Let's Think About It


Meditation is practiced around the world for a variety of reasons such, as to attain religious enlightenment, or perhaps stress reduction, or just for relaxation. A pre-publication report of Zoran Josipovic’s studies of the brain activity of meditating Buddhist monks using fMRI pictures is now available (1). Twenty monks took part, well actually twenty-one as Josipovic is a part-time Buddhist monk, and they were all well practiced in mediation techniques. An essential requirement as the equipment is both claustrophobic and noisy. A state of panic is easier to achieve than a state of nonduality or oneness with the world.

The equipment tracks blood flow, and highlights the localized regional activity, indicating the activated neural network. Our extrinsic network is the one that we use when we are interacting with our environment, such as pecking away at our keyboards attempting to process words that may have resulted from the activity of our intrinsic network while we were self-absorbed and worrying about our emotional state. Apparently, we manage to juggle the activity on these two networks fairly effectively. Most of the time anyway, we are able switch back and forth from one to the other. The skilled amongst us can compose an emotional journalistic piece about, say a royal wedding, and type it out in gobbets of high prose.
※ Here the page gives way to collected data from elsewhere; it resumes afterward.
(* Let $G$ be the digraph with $V(G)=\{u,v,w\}$ and $E(G)=\{(u,v),(u,w),(w,w)\}$. Then the associative spectrum of $\mathbb{A}(G)$ satisfies $s_n=|R_{n-1}|$ for all $n\ge3$. Hence $s_n=\Theta(\alpha^n)$, where $\alpha\approx1.755$ is the unique positive root of $x^4-x^3-x^2-1$.
   Context: The graph algebra $\mathbb{A}(G)$ is the groupoid on $V\cup\{\infty\}$ with $xy=x$ if $x,y\in V$ and $(x,y)\in E$, and $xy=\infty$ otherwise. $B_n$ is the set of binary terms in which $x_1,\dots,x_n$ each occur once in this order; the associative spectrum $s_n$ is the number of distinct term operations on $\mathbb{A}(G)$ induced by bracketings in $B_n$. For $n\ge2$, $R_n$ is the set of words of length $n$ over $\{0,1\}$ that do not start with $01$, do not end with $10$, and do not contain $101$. $\Theta(\alpha^n)$ means bounded between $c_1\alpha^n$ and $c_2\alpha^n$ for positive constants $c_1,c_2$. *)

theory Defs
  imports Main "HOL-Library.FuncSet" "HOL-Library.Sublist" "HOL-Library.Landau_Symbols"
begin

(* Graph algebra A(G) of a digraph with vertex set V and edge set E:
   carrier is Some ` V \<union> {None}, where None plays the role of \<infinity>. *)
fun graph_op :: "('a \<times> 'a) set \<Rightarrow> 'a option \<Rightarrow> 'a option \<Rightarrow> 'a option" where
  "graph_op E (Some x) (Some y) = (if (x, y) \<in> E then Some x else None)"
| "graph_op E _ _ = None"

definition graph_carrier :: "'a set \<Rightarrow> 'a option set" where
  "graph_carrier V = Some ` V \<union> {None}"

(* Bracketings: binary trees whose leaves are the variables x_1..x_n in order *)
datatype btree = Leaf | Node btree btree

fun leaves :: "btree \<Rightarrow> nat" where
  "leaves Leaf = 1"
| "leaves (Node l r) = leaves l + leaves r"

definition B :: "nat \<Rightarrow> btree set" where
  "B n = {t. leaves t = n}"

fun eval_term :: "('b \<Rightarrow> 'b \<Rightarrow> 'b) \<Rightarrow> btree \<Rightarrow> 'b list \<Rightarrow> 'b" where
  "eval_term f Leaf xs = hd xs"
| "eval_term f (Node l r) xs =
     f (eval_term f l (take (leaves l) xs)) (eval_term f r (drop (leaves l) xs))"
Interestingly, the Buddhist monks, when meditating, can keep both networks activated simultaneously so they no longer switch back and forth. At this point they have attained a feeling of oneness with the world.

Our intrinsic network is important to us. It’s where we hide when we’re bored and find that we have been daydreaming at an interminable meeting or some such other daily joy. It tells us who we are.

Daydreaming is an active activity – we are wide-awake after all. However, wide-awake is not as clearly defined as we might think. Tononi at al from U Wisconsin-Madison, has studied rats with electrode arrays implanted in their brains as well as taking EEGs (2). They showed that some neurons switched off for a rest and then back on. The more sleep deprived the rats were, the larger the off-fraction. Also the more inefficient the rats were at performing their given task.

It would be interesting to know if sleep deprivation effects the extrinsic network more than the intrinsic network, or if it affects both networks to the same extent. If it’s the former, would that make it easier to reach a state of oneness when meditating?